The White House under President Biden created the Gender Policy Council, tasked with promoting gender equity and equality in both domestic and foreign policy.

Intelligence services, according to the strategy, “must overcome long-standing cultural, structural, bureaucratic, technical and security challenges to reimagine and deliver the [intelligence community] workforce of the future,” the report said, without elaborating. To that end, intelligence agencies will modernize recruiting, hiring and vetting systems with the goal of producing “a diverse, trusted, agile and expert” workforce.

“Diversity, equity, inclusion, accessibility and other human capital initiatives will only succeed if they are subjected to rigorous and continuous analysis, evaluation, transparency, and learning,” the report states.

Other goals listed in the new strategy include improving intelligence contracting and procurement and broadening intelligence partnerships with additional alliances like the “Five Eyes” intelligence-sharing group linking the United States, Britain, Canada, Australia and New Zealand.

Another stated goal of the strategy is to improve intelligence work on transnational challenges, including climate change, drug trafficking, financial crisis, supply chain attacks, corruption, recurring diseases and new disruptive technologies.

The last goal of the strategy calls for bolstering national resilience, such as hardening and protecting critical infrastructures.

“Protecting the intelligence community and the nation’s critical infrastructure from complex threats requires a deeper understanding of the implications of destabilizing trends, and improved early warning to improve the nation’s recovery and response,” the report says.

Intelligence agencies also plan to harden their infrastructures against cyber and other attacks.

The strategy contains little emphasis on counterintelligence – the thwarting of foreign spy efforts.

The sole reference to counterintelligence is contained in the last goal. It states that the intelligence community “must sustain its counterintelligence capabilities and expertise against espionage and other damaging intelligence activities conducted by our foreign adversaries.”

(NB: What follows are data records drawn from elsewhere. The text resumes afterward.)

text \<open>Let \<open>c = q(S)/4\<close>. From a tester for \<open>q\<close> using \<open>Poi(m)\<close> samples we build a tester for
  \<open>Unif R\<close> using \<open>Poi(c m)\<close> samples. Cut \<open>S\<close> into \<open>R\<close> consecutive blocks according to its
  cumulative mass; as no atom of \<open>S\<close> weighs more than \<open>q(S)/(2R)\<close>, every block has mass at least
  \<open>q(S)/(2R)\<close>. A distribution \<open>p'\<close> on \<open>[R]\<close> is embedded as the mixture which with probability
  \<open>c\<close> draws a block from \<open>p'\<close> and then a point of it from \<open>q\<close>, and otherwise draws from a filler
  distribution chosen so that \<open>Unif R\<close> is sent to \<open>q\<close>; the filler is nonnegative thanks to the
  lower bound on block masses. Since the blocks are disjoint, the embedding multiplies
  \<open>l\<^sub>1\<close>-distances by exactly \<open>c\<close>. By Poisson thinning, \<open>Poi(m)\<close> samples of the mixture are
  \<open>Poi(c m)\<close> samples of its first component randomly interleaved with independent
  \<open>Poi((1 - c) m)\<close> samples of the filler, which the new tester can generate itself.
  Finally, some tester for \<open>q\<close> must exist at all: comparing the empirical distribution with
  \<open>q\<close> works by Hoeffding's inequality.\<close>

fun sequence_pmf :: "'a pmf list \<Rightarrow> 'a list pmf" where
  "sequence_pmf [] = return_pmf []"
| "sequence_pmf (M # Ms) = bind_pmf M (\<lambda>x. map_pmf ((#) x) (sequence_pmf Ms))"

lemma replicate_pmf_bind_pmf:
  "replicate_pmf N (bind_pmf p K) = bind_pmf (replicate_pmf N p) (\<lambda>xs. sequence_pmf (map K xs))"
proof (induction N)
  case 0
  then show ?case by (simp add: bind_return_pmf)
next
  case (Suc N)
  show ?case
    by (simp add: Suc bind_assoc_pmf bind_return_pmf map_pmf_def, subst bind_commute_pmf) simp
qed

lemma map_pmf_map_replicate_pmf:
  "map_pmf (map f) (replicate_pmf N p) = replicate_pmf N (map_pmf f p)"
proof (induction N)
  case 0
  then show ?case by simp
next
  case (Suc N)
  have "replicate_pmf (Suc N) (map_pmf f p) = bind_pmf (map_pmf f p) (\<lambda>x.
      bind_pmf (map_pmf (map f) (replicate_pmf N p)) (\<lambda>xs. return_pmf (x # xs)))"
    by (simp only: replicate_pmf.simps Suc.IH)
  then show ?case by (simp add: map_pmf_def bind_assoc_pmf bind_return_pmf)
qed

lemma pmf_replicate_pmf:
  "pmf (replicate_pmf N p) xs = (if length xs = N then prod_list (map (pmf p) xs) else 0)"
proof (induction N arbitrary: xs)
  case 0
  then show ?case by (cases xs) auto
next
  case (Suc N)
  show ?case
  proof (cases xs)
    case Nil
    then have "xs \<notin> set_pmf (replicate_pmf (Suc N) p)" by (simp add: set_replicate_pmf)
    then show ?thesis using Nil by (simp add: set_pmf_iff del: replicate_pmf.simps)
  next
    case (Cons y ys)
    have "replicate_pmf (Suc N) p = map_pmf (\<lambda>(x, xs). x # xs) (pair_pmf p (replicate_pmf N p))"
      by (simp add: pair_pmf_def map_pmf_def bind_assoc_pmf bind_return_pmf)
    moreover have "inj (\<lambda>(x::'a, xs). x # xs)" by (auto simp: inj_on_def)
    ultimately have "pmf (replicate_pmf (Suc N) p) xs = pmf (pair_pmf p (replicate_pmf N p)) (y, ys)"
      unfolding Cons using pmf_map_inj'[of "\<lambda>(x, xs). x # xs" _ "(y, ys)"] by simp
    also have "\<dots> = pmf p y * pmf (replicate_pmf N p) ys" by (simp add: pmf_pair)
    finally show ?thesis using Suc Cons by simp
  qed
qed

lemma count_list_True_False: "count_list bs True + count_list bs False = length bs"
  by (induction bs) auto

lemma map_pmf_count_list_replicate_pmf:
  "map_pmf (\<lambda>xs. count_list xs x) (replicate_pmf N p) = binomial_pmf N (pmf p x)"
proof -
  have indicator: "map_pmf (\<lambda>y. y = x) p = bernoulli_pmf (pmf p x)"
  proof (rule pmf_eqI)
    fix b :: bool
    have "measure_pmf.prob p (UNIV - {x}) = 1 - pmf p x"
      using measure_pmf.prob_compl[of "{x}" p] by (simp add: measure_pmf_single)
    moreover have "(\<lambda>y. y = x) -` {True} = {x}" "(\<lambda>y. y = x) -` {False} = UNIV - {x}" by auto
    ultimately show "pmf (map_pmf (\<lambda>y. y = x) p) b = pmf (bernoulli_pmf (pmf p x)) b"
      by (cases b) (simp_all add: pmf_map measure_pmf_single pmf_le_1)
  qed
  have count: "count_list xs x = (length \<circ> filter id) (map (\<lambda>y. y = x) xs)" for xs
    by (induction xs) auto
  have "binomial_pmf N (pmf p x) =
      map_pmf (length \<circ> filter id) (map_pmf (map (\<lambda>y. y = x)) (replicate_pmf N p))"
    using binomial_pmf_altdef[of "pmf p x" N] indicator
    by (simp add: map_pmf_map_replicate_pmf pmf_le_1)
  also have "\<dots> = map_pmf (\<lambda>xs. count_list xs x) (replicate_pmf N p)"
    unfolding map_pmf_comp using count by (simp add: o_def)
  finally show ?thesis by simp
qed

section \<open>Poisson thinning\<close>

fun interleave :: "bool list \<Rightarrow> 'a list \<Rightarrow> 'a list \<Rightarrow> 'a list" where
  "interleave [] xs ys = []"
| "interleave (True # bs) xs ys = hd xs # interleave bs (tl xs) ys"
| "interleave (False # bs) xs ys = hd ys # interleave bs xs (tl ys)"

lemma sequence_pmf_map_if:
  "sequence_pmf (map (\<lambda>b. if b then A else B) bs) =
   bind_pmf (replicate_pmf (count_list bs True) A) (\<lambda>xs.
     bind_pmf (replicate_pmf (count_list bs False) B) (\<lambda>ys. return_pmf (interleave bs xs ys)))"
proof (induction bs)
  case Nil
  then show ?case by (simp add: bind_return_pmf)
next
  case (Cons b bs)
  show ?case
  proof (cases b)
    case True
    then show ?thesis by (simp add: Cons bind_assoc_pmf bind_return_pmf map_pmf_def)
  next
    case False
    then show ?thesis
      by (simp add: Cons bind_assoc_pmf bind_return_pmf map_pmf_def, subst bind_commute_pmf) simp
  qed
qed

lemma prod_list_pmf_bernoulli:
  assumes "0 \<le> c" "c \<le> 1"
  shows "prod_list (map (pmf (bernoulli_pmf c)) bs) = c ^ count_list bs True * (1 - c) ^ count_list bs False"
  by (induction bs) (use assms in auto)

lemma prob_count_list_replicate_bernoulli:
  assumes "0 \<le> c" "c \<le> 1"
  shows "measure_pmf.prob (replicate_pmf N (bernoulli_pmf c)) {bs. count_list bs True = a} =
         real (N choose a) * c ^ a * (1 - c) ^ (N - a)"
proof -
  have "measure_pmf.prob (replicate_pmf N (bernoulli_pmf c)) {bs. count_list bs True = a} =
        pmf (map_pmf (\<lambda>bs. count_list bs True) (replicate_pmf N (bernoulli_pmf c))) a"
    by (simp add: pmf_map vimage_def)
  then show ?thesis using assms by (simp add: map_pmf_count_list_replicate_pmf)
qed

lemma count_list_replicate: "count_list (replicate n x) y = (if x = y then n else 0)"
  by (induction n) auto

definition flips_with_heads :: "real \<Rightarrow> nat \<Rightarrow> nat \<Rightarrow> bool list pmf" where
  "flips_with_heads c a b =
     cond_pmf (replicate_pmf (a + b) (bernoulli_pmf c)) {bs. count_list bs True = a}"

lemma flips_with_heads_possible:
  assumes "0 < c" "c < 1"
  shows "set_pmf (replicate_pmf (a + b) (bernoulli_pmf c)) \<inter> {bs. count_list bs True = a} \<noteq> {}"
proof -
  have "replicate a True @ replicate b False \<in>
      set_pmf (replicate_pmf (a + b) (bernoulli_pmf c)) \<inter> {bs. count_list bs True = a}"
    using assms by (auto simp: set_replicate_pmf count_list_replicate)
  then show ?thesis by blast
qed

lemma set_flips_with_heads:
  assumes "0 < c" "c < 1" and "bs \<in> set_pmf (flips_with_heads c a b)"
  shows "count_list bs True = a" and "count_list bs False = b"
  using assms flips_with_heads_possible[OF assms(1,2), of a b] count_list_True_False[of bs]
  by (auto simp: flips_with_heads_def set_cond_pmf set_replicate_pmf)

text \<open>The numbers of heads and tails among \<open>Poi(m)\<close> coin flips are independent Poisson
  variables, and given these numbers the order of the flips carries no further information.\<close>

lemma poisson_thinning:
  assumes c: "0 < c" "c < 1" and m: "0 < m"
  shows "bind_pmf (poisson_pmf m) (\<lambda>N. replicate_pmf N (bernoulli_pmf c)) =
    bind_pmf (poisson_pmf (c * m)) (\<lambda>a. bind_pmf (poisson_pmf ((1 - c) * m)) (\<lambda>b.
      flips_with_heads c a b))"
    (is "?L = ?R")
proof (rule pmf_eqI)
  fix bs :: "bool list"
  define a0 where "a0 = count_list bs True"
  define b0 where "b0 = count_list bs False"
  define V where "V = (c ^ a0 * (1 - c) ^ b0) / (real ((a0 + b0) choose a0) * c ^ a0 * (1 - c) ^ b0)"
  have len: "length bs = a0 + b0" using count_list_True_False[of bs] by (simp add: a0_def b0_def)
  have L: "pmf ?L bs = pmf (poisson_pmf m) (a0 + b0) * (c ^ a0 * (1 - c) ^ b0)"
    unfolding pmf_bind
    by (subst integral_measure_pmf_real[where A="{a0 + b0}"])
       (auto simp: pmf_replicate_pmf len prod_list_pmf_bernoulli c less_imp_le a0_def b0_def
          split: if_splits)
  have flips: "pmf (flips_with_heads c a b) bs = (if a = a0 \<and> b = b0 then V else 0)" for a b
    using flips_with_heads_possible[OF c, of a b] c
    by (auto simp: flips_with_heads_def pmf_cond prob_count_list_replicate_bernoulli
        pmf_replicate_pmf len prod_list_pmf_bernoulli less_imp_le a0_def b0_def V_def)
  have R: "pmf ?R bs = pmf (poisson_pmf (c * m)) a0 * pmf (poisson_pmf ((1 - c) * m)) b0 * V"
  proof -
    have "measure_pmf.expectation (poisson_pmf ((1 - c) * m)) (\<lambda>b. pmf (flips_with_heads c a b) bs)
       = (if a = a0 then pmf (poisson_pmf ((1 - c) * m)) b0 * V else 0)" for a
      unfolding flips by (subst integral_measure_pmf_real[where A="{b0}"]) (auto split: if_splits)
    then show ?thesis
      unfolding pmf_bind
      by (subst integral_measure_pmf_real[where A="{a0}"]) (auto split: if_splits)
  qed
  have choose: "real ((a0 + b0) choose a0) = fact (a0 + b0) / (fact a0 * fact b0)"
    by (simp add: binomial_fact)
  have exp_split: "exp (- (c * m)) * exp (- ((1 - c) * m)) = exp (- m)"
    by (simp add: exp_add[symmetric] algebra_simps)
  have "c ^ a0 * (1 - c) ^ b0 > 0" "0 < c * m" "0 < (1 - c) * m" using c m by simp_all
  then show "pmf ?L bs = pmf ?R bs"
    unfolding L R V_def using m
    apply (simp add: choose power_mult_distrib power_add)
    apply (simp add: field_simps)
    using exp_split apply (simp add: algebra_simps)
    done
qed

text \<open>A tester that gets only the samples of the first component of a mixture pads them with
  \<open>Poi((1 - c) m)\<close> fresh samples of the second component and shuffles both in at random.\<close>

definition padded_tester ::
    "real \<Rightarrow> real \<Rightarrow> 'a pmf \<Rightarrow> ('a list \<Rightarrow> 'b pmf) \<Rightarrow> 'a list \<Rightarrow> 'b pmf" where
  "padded_tester c m B T xs = bind_pmf (poisson_pmf ((1 - c) * m)) (\<lambda>b.
      bind_pmf (flips_with_heads c (length xs) b) (\<lambda>bs.
        bind_pmf (replicate_pmf b B) (\<lambda>ys. T (interleave bs xs ys))))"

lemma poisson_samples_of_mixture:
  assumes c: "0 < c" "c < 1" and m: "0 < m"
  shows "bind_pmf (poisson_pmf m) (\<lambda>N. bind_pmf (replicate_pmf N
            (bind_pmf (bernoulli_pmf c) (\<lambda>b. if b then A else B))) T) =
         bind_pmf (poisson_pmf (c * m)) (\<lambda>a. bind_pmf (replicate_pmf a A) (padded_tester c m B T))"
proof -
  define merged where "merged bs = bind_pmf (replicate_pmf (count_list bs True) A) (\<lambda>xs.
      bind_pmf (replicate_pmf (count_list bs False) B) (\<lambda>ys. return_pmf (interleave bs xs ys)))"
    for bs
  have "bind_pmf (poisson_pmf m) (\<lambda>N. bind_pmf (replicate_pmf N
            (bind_pmf (bernoulli_pmf c) (\<lambda>b. if b then A else B))) T) =
        bind_pmf (bind_pmf (poisson_pmf m) (\<lambda>N. replicate_pmf N (bernoulli_pmf c)))
          (\<lambda>bs. bind_pmf (merged bs) T)"
    by (simp add: replicate_pmf_bind_pmf bind_assoc_pmf sequence_pmf_map_if merged_def)
  also have "\<dots> = bind_pmf (poisson_pmf (c * m)) (\<lambda>a. bind_pmf (poisson_pmf ((1 - c) * m)) (\<lambda>b.
       bind_pmf (flips_with_heads c a b) (\<lambda>bs. bind_pmf (merged bs) T)))"
    unfolding poisson_thinning[OF c m] by (simp add: bind_assoc_pmf)
  also have "\<dots> = bind_pmf (poisson_pmf (c * m)) (\<lambda>a. bind_pmf (poisson_pmf ((1 - c) * m)) (\<lambda>b.
       bind_pmf (flips_with_heads c a b) (\<lambda>bs. bind_pmf (replicate_pmf a A) (\<lambda>xs.
         bind_pmf (replicate_pmf b B) (\<lambda>ys. T (interleave bs xs ys))))))"
    by (intro bind_pmf_cong[OF refl])
       (simp add: merged_def bind_assoc_pmf bind_return_pmf set_flips_with_heads[OF c])
  also have "\<dots> = bind_pmf (poisson_pmf (c * m)) (\<lambda>a. bind_pmf (replicate_pmf a A) (\<lambda>xs.
       bind_pmf (poisson_pmf ((1 - c) * m)) (\<lambda>b. bind_pmf (flips_with_heads c a b) (\<lambda>bs.
         bind_pmf (replicate_pmf b B) (\<lambda>ys. T (interleave bs xs ys))))))"
    by (subst bind_commute_pmf[of "flips_with_heads _ _ _"], subst bind_commute_pmf) (rule refl)
  also have "\<dots> = bind_pmf (poisson_pmf (c * m)) (\<lambda>a. bind_pmf (replicate_pmf a A) (padded_tester c m B T))"
    by (intro bind_pmf_cong[OF refl]) (simp add: padded_tester_def set_replicate_pmf)
  finally show ?thesis .
qed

Counterintelligence within U.S. intelligence agencies was downgraded in the 1970s following the ouster of CIA counterintelligence chief James Angleton, who operated independently in seeking out foreign spy operations and penetrations of U.S. foreign spy agencies. Since then, U.S. intelligence has continued to repeated episodes of damaging spy penetrations and losses of recruited agents.

The most recent failure was the loss of more than two dozen of the CIA’s recruited agents working secretly in China beginning in 2010.

The 18 components of the U.S. intelligence community include two independent agencies — the CIA and Office of Director of National Intelligence — and nine Pentagon agencies, including the Defense Intelligence Agency, National Security Agency and military intelligence units.

The ODNI also coordinated policy for seven other intelligence agencies, including the FBI and the spy arms of the Energy, Homeland Security, State and Treasury Departments and Coast Guard and Drug Enforcement Administration intelligence units.